[Collected data]
════════════════
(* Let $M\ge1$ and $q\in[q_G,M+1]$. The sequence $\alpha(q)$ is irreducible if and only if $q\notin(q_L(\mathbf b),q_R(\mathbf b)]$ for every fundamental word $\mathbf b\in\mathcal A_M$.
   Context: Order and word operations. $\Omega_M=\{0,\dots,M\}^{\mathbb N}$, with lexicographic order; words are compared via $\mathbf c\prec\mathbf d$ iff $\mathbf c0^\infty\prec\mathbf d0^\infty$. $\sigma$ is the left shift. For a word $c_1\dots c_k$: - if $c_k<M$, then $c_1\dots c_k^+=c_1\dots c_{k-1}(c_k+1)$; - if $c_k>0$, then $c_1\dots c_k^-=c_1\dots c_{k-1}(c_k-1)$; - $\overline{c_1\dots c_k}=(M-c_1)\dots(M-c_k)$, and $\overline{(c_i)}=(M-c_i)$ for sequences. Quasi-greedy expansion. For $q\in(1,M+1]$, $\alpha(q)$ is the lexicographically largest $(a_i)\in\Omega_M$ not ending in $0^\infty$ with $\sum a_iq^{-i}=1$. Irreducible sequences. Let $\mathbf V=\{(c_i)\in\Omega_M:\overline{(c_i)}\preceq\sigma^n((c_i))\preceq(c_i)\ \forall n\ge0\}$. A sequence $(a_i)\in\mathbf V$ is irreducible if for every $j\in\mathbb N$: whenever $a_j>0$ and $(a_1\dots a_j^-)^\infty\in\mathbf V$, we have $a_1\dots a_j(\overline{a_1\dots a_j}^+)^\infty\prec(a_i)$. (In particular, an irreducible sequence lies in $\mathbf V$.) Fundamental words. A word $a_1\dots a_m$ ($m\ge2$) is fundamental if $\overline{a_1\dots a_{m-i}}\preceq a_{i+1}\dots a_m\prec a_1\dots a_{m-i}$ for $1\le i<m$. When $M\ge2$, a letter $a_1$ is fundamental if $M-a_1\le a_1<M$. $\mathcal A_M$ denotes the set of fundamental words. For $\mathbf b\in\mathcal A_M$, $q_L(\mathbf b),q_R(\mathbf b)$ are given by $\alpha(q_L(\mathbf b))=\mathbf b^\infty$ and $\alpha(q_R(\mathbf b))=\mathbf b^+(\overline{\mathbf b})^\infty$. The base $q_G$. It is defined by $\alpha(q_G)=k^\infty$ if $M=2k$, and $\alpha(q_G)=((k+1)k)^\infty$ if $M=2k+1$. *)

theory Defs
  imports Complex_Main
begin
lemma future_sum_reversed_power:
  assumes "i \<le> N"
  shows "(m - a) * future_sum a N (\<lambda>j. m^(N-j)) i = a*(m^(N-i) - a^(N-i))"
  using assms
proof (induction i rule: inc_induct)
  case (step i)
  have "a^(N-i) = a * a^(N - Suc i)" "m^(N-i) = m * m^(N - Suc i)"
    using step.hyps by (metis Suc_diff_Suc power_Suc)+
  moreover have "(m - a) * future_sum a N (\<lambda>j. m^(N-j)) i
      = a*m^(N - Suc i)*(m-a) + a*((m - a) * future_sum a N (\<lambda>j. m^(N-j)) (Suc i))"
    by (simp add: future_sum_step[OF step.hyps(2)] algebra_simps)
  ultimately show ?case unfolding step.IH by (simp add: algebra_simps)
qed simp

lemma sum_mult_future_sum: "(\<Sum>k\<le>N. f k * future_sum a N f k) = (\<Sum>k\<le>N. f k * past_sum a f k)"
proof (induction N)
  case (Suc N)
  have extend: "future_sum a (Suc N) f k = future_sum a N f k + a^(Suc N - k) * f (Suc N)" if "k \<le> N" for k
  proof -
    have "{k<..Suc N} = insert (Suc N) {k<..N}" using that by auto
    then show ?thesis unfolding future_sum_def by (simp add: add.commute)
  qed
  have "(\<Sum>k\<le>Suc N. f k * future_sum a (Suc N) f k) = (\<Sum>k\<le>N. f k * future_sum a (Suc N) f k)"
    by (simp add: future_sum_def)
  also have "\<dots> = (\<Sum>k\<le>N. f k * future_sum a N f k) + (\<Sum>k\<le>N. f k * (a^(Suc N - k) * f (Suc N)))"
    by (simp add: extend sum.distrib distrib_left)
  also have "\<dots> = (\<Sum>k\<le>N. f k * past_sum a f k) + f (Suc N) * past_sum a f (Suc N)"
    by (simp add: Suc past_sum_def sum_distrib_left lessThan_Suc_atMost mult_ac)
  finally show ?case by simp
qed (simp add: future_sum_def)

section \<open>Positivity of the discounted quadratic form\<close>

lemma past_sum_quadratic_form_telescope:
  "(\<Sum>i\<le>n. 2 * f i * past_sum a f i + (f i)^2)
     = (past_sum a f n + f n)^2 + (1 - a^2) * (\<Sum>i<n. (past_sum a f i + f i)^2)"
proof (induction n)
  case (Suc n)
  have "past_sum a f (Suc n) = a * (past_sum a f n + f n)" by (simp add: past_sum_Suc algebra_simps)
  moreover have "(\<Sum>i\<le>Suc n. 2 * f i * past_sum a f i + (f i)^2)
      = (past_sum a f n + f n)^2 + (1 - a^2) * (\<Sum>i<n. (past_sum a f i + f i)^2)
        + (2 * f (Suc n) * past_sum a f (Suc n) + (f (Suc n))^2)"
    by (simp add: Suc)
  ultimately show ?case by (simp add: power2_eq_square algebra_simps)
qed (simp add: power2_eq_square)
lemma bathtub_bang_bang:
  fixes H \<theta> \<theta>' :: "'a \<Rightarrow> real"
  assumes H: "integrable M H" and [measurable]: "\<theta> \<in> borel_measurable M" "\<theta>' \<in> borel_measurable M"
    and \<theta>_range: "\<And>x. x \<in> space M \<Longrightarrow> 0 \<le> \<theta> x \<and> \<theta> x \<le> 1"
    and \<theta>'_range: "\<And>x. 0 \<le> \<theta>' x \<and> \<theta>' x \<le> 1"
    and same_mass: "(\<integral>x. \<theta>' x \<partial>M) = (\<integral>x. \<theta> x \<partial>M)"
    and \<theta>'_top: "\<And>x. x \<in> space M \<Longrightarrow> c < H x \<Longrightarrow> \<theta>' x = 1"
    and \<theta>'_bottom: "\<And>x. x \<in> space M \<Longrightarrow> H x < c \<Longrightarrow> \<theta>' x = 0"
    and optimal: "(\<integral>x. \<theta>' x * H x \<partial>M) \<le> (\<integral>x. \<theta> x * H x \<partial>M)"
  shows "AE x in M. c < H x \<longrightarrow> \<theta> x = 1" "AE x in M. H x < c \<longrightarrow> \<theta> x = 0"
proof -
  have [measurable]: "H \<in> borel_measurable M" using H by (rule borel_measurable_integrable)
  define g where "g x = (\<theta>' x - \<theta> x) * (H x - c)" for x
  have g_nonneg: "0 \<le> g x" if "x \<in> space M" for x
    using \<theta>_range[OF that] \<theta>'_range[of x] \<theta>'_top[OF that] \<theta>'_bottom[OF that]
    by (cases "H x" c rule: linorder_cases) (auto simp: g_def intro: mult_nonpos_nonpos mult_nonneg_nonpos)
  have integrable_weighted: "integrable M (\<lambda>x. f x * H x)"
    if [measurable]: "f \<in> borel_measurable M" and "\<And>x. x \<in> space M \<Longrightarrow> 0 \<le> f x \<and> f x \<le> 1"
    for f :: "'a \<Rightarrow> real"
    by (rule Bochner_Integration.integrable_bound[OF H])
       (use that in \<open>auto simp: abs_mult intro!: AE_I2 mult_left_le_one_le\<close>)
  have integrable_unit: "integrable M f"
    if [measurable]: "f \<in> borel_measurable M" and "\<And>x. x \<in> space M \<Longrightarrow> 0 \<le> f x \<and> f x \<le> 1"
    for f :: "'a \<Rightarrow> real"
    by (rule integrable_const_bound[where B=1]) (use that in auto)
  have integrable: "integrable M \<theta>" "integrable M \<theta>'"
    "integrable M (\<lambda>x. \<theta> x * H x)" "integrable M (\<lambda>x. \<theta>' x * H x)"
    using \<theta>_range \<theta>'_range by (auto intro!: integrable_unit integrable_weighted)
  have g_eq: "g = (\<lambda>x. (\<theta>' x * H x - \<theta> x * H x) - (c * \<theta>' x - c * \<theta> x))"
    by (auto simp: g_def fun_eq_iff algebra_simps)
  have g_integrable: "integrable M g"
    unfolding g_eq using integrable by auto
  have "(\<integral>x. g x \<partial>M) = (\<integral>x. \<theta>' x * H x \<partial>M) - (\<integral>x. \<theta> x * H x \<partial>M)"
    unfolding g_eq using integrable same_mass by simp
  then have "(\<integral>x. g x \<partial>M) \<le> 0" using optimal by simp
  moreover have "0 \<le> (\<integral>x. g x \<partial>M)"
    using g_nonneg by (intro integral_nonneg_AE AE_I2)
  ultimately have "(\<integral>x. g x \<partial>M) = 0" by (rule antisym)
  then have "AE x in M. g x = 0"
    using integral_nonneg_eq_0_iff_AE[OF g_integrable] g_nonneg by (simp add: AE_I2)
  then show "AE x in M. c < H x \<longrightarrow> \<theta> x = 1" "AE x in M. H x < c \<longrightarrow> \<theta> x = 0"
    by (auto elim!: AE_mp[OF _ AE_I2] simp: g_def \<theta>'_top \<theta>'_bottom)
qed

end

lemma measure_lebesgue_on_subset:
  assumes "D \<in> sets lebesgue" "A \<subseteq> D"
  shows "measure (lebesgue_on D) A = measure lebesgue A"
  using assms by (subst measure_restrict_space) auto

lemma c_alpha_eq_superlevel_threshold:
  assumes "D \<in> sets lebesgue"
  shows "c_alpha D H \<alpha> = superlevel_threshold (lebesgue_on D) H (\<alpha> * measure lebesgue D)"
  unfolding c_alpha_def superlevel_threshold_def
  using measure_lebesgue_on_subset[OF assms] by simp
════════════════
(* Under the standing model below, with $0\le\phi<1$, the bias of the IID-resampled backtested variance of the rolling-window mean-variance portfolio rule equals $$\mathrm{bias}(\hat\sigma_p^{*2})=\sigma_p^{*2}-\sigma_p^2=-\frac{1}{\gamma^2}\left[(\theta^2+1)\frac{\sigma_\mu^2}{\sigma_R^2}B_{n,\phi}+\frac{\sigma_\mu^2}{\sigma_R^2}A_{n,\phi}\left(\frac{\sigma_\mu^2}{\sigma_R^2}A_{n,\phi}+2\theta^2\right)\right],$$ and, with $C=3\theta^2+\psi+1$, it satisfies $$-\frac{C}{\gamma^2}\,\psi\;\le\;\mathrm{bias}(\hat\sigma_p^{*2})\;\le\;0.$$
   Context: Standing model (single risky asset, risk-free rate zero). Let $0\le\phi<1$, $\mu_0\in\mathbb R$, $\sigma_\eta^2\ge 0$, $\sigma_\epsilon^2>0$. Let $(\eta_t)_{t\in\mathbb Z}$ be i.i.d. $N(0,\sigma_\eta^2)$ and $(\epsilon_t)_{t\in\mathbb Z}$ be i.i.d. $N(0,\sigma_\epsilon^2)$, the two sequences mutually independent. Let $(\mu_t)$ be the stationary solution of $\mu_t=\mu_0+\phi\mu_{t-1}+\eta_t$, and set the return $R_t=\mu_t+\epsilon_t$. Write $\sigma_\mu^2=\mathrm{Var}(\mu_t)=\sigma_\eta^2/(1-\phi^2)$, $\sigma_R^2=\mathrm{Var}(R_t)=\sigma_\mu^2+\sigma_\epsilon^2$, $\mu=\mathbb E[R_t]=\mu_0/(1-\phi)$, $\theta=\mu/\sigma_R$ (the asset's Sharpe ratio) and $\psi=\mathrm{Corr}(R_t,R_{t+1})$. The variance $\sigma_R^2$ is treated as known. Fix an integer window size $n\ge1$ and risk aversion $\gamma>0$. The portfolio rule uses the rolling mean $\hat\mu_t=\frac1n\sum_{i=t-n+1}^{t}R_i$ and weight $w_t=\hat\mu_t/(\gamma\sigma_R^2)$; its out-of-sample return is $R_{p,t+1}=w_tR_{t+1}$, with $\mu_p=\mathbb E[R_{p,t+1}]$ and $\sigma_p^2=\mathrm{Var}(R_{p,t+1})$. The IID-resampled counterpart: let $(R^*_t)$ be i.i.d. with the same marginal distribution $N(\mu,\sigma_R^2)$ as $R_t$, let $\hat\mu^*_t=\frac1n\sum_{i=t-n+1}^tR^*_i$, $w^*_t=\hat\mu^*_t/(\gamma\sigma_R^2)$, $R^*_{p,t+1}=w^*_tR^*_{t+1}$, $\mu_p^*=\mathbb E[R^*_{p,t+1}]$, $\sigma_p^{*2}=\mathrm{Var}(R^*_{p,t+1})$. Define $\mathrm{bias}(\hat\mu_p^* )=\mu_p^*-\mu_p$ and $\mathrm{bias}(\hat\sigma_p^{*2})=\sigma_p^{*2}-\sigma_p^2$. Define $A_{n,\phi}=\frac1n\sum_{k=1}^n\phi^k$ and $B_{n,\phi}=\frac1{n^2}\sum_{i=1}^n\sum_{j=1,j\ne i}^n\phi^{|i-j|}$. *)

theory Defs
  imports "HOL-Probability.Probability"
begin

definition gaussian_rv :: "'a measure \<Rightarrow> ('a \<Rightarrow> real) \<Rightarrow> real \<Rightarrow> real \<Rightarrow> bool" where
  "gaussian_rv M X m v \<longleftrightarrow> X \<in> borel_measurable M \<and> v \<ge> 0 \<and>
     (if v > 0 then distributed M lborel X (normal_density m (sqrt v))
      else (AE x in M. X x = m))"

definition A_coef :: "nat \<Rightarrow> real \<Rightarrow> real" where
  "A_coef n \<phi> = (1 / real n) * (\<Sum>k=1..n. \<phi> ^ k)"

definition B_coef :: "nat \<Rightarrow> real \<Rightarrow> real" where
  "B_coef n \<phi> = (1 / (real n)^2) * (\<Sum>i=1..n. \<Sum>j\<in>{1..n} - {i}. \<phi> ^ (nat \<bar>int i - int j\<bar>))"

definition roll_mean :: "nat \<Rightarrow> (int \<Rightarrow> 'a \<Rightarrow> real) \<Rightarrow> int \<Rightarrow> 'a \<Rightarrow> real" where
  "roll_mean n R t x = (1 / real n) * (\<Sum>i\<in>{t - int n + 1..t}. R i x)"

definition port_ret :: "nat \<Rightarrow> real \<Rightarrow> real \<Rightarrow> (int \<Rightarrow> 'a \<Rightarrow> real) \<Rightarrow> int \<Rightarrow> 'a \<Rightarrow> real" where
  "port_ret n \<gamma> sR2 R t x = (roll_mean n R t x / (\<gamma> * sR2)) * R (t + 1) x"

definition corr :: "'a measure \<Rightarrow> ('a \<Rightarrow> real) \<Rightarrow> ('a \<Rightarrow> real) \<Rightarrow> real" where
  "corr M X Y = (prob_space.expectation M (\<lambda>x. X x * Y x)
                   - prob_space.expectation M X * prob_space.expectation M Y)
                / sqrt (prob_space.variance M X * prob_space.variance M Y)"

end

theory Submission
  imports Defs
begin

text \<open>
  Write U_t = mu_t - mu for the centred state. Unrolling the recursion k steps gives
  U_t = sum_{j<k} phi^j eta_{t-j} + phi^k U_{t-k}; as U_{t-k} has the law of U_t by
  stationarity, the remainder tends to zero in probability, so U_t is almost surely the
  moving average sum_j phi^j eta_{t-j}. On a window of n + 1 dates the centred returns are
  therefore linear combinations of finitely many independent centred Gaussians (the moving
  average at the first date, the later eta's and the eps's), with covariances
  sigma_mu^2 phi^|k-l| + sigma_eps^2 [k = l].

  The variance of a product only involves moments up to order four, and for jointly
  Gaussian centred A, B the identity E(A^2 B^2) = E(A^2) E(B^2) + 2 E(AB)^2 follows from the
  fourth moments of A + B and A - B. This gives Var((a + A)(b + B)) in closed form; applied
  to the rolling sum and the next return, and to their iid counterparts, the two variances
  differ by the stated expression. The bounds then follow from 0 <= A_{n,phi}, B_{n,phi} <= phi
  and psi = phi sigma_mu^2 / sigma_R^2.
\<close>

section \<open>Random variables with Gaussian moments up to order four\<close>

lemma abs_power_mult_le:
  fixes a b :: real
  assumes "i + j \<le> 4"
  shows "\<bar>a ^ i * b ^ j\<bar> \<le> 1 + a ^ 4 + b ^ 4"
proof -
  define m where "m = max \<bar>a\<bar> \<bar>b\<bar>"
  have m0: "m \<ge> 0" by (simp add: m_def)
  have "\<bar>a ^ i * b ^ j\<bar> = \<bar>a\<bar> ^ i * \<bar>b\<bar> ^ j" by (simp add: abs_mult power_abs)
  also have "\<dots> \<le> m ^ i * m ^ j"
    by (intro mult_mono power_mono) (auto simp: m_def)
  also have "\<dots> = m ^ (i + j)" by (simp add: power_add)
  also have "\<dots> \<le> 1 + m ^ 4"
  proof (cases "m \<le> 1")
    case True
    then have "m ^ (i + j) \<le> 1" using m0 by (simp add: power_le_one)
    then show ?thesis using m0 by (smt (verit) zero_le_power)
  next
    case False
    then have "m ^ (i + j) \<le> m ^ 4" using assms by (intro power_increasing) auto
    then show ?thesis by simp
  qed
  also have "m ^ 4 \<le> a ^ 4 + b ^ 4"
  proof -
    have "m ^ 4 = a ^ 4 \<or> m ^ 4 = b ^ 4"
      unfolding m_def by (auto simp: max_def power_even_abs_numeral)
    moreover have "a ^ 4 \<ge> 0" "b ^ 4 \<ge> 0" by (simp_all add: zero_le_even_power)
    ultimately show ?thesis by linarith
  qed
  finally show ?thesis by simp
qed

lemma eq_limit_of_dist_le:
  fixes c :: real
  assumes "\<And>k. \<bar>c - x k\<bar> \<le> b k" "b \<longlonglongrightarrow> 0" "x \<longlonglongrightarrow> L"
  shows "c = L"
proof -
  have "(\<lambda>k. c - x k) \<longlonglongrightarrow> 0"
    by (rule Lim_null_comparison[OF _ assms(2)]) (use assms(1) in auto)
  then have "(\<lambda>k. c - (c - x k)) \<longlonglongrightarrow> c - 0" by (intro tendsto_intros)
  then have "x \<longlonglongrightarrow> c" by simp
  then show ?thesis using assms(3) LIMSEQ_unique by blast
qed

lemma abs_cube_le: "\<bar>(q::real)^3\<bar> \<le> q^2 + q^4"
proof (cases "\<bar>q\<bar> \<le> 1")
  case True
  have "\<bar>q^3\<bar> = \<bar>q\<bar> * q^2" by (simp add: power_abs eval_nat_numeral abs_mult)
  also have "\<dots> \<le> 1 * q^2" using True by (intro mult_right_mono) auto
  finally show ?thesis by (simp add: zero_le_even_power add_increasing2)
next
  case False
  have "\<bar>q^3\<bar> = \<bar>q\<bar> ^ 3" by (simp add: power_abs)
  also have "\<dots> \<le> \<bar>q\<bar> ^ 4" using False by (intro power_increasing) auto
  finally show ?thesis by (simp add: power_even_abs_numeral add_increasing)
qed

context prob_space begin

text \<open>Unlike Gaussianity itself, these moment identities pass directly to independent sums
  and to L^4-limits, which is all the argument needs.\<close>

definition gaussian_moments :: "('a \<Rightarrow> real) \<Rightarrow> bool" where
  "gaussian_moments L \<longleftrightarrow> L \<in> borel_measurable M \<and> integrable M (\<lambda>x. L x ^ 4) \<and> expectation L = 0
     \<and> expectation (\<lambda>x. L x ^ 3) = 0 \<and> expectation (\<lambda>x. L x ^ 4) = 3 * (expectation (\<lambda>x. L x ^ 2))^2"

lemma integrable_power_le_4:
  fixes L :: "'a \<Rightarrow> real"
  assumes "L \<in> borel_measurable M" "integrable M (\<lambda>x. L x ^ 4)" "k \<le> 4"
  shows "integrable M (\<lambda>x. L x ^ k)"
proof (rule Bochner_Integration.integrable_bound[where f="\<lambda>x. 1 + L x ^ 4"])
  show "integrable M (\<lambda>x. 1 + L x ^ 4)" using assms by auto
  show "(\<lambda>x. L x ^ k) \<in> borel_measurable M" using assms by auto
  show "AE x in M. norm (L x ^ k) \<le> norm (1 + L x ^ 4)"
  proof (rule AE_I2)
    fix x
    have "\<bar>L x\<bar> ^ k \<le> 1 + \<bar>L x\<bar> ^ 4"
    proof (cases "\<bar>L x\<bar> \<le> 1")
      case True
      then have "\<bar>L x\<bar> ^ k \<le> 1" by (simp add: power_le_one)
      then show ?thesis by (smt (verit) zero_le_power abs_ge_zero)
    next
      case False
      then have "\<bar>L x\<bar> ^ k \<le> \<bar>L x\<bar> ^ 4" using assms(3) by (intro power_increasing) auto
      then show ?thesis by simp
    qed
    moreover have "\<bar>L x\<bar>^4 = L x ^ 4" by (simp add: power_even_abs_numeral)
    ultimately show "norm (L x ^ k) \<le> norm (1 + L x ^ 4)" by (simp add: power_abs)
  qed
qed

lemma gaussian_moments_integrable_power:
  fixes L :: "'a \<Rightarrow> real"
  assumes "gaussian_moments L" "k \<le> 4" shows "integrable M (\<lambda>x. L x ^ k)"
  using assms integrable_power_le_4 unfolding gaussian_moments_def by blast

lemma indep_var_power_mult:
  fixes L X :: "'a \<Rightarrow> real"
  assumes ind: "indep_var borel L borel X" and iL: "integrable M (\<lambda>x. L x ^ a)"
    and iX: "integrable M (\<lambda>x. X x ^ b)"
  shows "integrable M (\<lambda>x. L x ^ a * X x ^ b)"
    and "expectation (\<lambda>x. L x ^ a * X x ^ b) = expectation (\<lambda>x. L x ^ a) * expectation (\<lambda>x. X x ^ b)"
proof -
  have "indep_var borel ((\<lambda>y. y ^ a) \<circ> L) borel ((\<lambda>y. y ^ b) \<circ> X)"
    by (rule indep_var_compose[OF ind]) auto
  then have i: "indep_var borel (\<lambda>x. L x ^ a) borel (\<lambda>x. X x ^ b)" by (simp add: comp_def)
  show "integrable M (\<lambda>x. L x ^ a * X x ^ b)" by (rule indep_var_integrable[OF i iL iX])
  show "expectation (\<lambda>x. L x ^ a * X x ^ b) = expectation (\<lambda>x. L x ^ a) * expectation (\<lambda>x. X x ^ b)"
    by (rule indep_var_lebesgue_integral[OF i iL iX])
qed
════════════════
» What this task involves
Copy out the lines above exactly, beginning at the one that contains "unfolding g_eq using integrable same_mass" and ending at the one that contains "using g_nonneg by".

» Answer space
    unfolding g_eq using integrable same_mass by simp
  then have "(\<integral>x. g x \<partial>M) \<le> 0" using optimal by simp
  moreover have "0 \<le> (\<integral>x. g x \<partial>M)"
    using g_nonneg by (intro integral_nonneg_AE AE_I2)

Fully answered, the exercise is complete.